INFORMATION GIVEN:

_ _ _ _

lemma deep_colour_exists:
  assumes few: "\<And>x. x \<in> prob_simplex \<Longrightarrow> card {H\<in>A. \<bar>level H x\<bar> < eps} \<le> DIM('a)"
    and crossing: "\<And>x H. x \<in> prob_simplex \<Longrightarrow> H \<in> A \<Longrightarrow> eps \<le> \<bar>level H x\<bar>
      \<Longrightarrow> \<exists>j\<in>Basis. 0 < x \<bullet> j \<and> \<delta> \<le> (na H \<bullet> L j) * level H x"
    and count: "DIM('b) * (K - 1) + DIM('a) < card A"
    and x: "x \<in> prob_simplex"
  shows "\<exists>j\<in>Basis. 0 < x \<bullet> j \<and> K \<le> card {H\<in>A. \<delta> \<le> (na H \<bullet> L j) * level H x}"
proof -
  define J where "J = {j\<in>Basis. 0 < x \<bullet> j}"
  define X where "X j = {H\<in>A. \<delta> \<le> (na H \<bullet> L j) * level H x}" for j
  have "card J * (K - 1) \<le> DIM('b) * (K - 1)"
    unfolding J_def by (intro mult_right_mono card_mono) auto
  also have "\<dots> < card A - card {H\<in>A. \<bar>level H x\<bar> < eps}"
    using count few[OF x] by linarith
  also have "\<dots> = card {H\<in>A. eps \<le> \<bar>level H x\<bar>}"
    using finite_A by (subst card_Diff_subset[symmetric]) (auto intro: arg_cong[where f = card])
  also have "\<dots> \<le> card (\<Union>j\<in>J. X j)"
    using crossing[OF x] finite_A by (intro card_mono) (auto simp: J_def X_def)
  finally obtain j where "j \<in> J" "K - 1 < card (X j)"
    using card_UN_pigeonhole[of J] by (auto simp: J_def)
  then show ?thesis by (auto simp: J_def X_def)
qed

_ _ _ _

PROBLEM DESCRIPTION: Nothing in the records above may be left out when you repeat them exactly.

THE COMPLETED TASK:
lemma deep_colour_exists:
  assumes few: "\<And>x. x \<in> prob_simplex \<Longrightarrow> card {H\<in>A. \<bar>level H x\<bar> < eps} \<le> DIM('a)"
    and crossing: "\<And>x H. x \<in> prob_simplex \<Longrightarrow> H \<in> A \<Longrightarrow> eps \<le> \<bar>level H x\<bar>
      \<Longrightarrow> \<exists>j\<in>Basis. 0 < x \<bullet> j \<and> \<delta> \<le> (na H \<bullet> L j) * level H x"
    and count: "DIM('b) * (K - 1) + DIM('a) < card A"
    and x: "x \<in> prob_simplex"
  shows "\<exists>j\<in>Basis. 0 < x \<bullet> j \<and> K \<le> card {H\<in>A. \<delta> \<le> (na H \<bullet> L j) * level H x}"
proof -
  define J where "J = {j\<in>Basis. 0 < x \<bullet> j}"
  define X where "X j = {H\<in>A. \<delta> \<le> (na H \<bullet> L j) * level H x}" for j
  have "card J * (K - 1) \<le> DIM('b) * (K - 1)"
    unfolding J_def by (intro mult_right_mono card_mono) auto
  also have "\<dots> < card A - card {H\<in>A. \<bar>level H x\<bar> < eps}"
    using count few[OF x] by linarith
  also have "\<dots> = card {H\<in>A. eps \<le> \<bar>level H x\<bar>}"
    using finite_A by (subst card_Diff_subset[symmetric]) (auto intro: arg_cong[where f = card])
  also have "\<dots> \<le> card (\<Union>j\<in>J. X j)"
    using crossing[OF x] finite_A by (intro card_mono) (auto simp: J_def X_def)
  finally obtain j where "j \<in> J" "K - 1 < card (X j)"
    using card_UN_pigeonhole[of J] by (auto simp: J_def)
  then show ?thesis by (auto simp: J_def X_def)
qed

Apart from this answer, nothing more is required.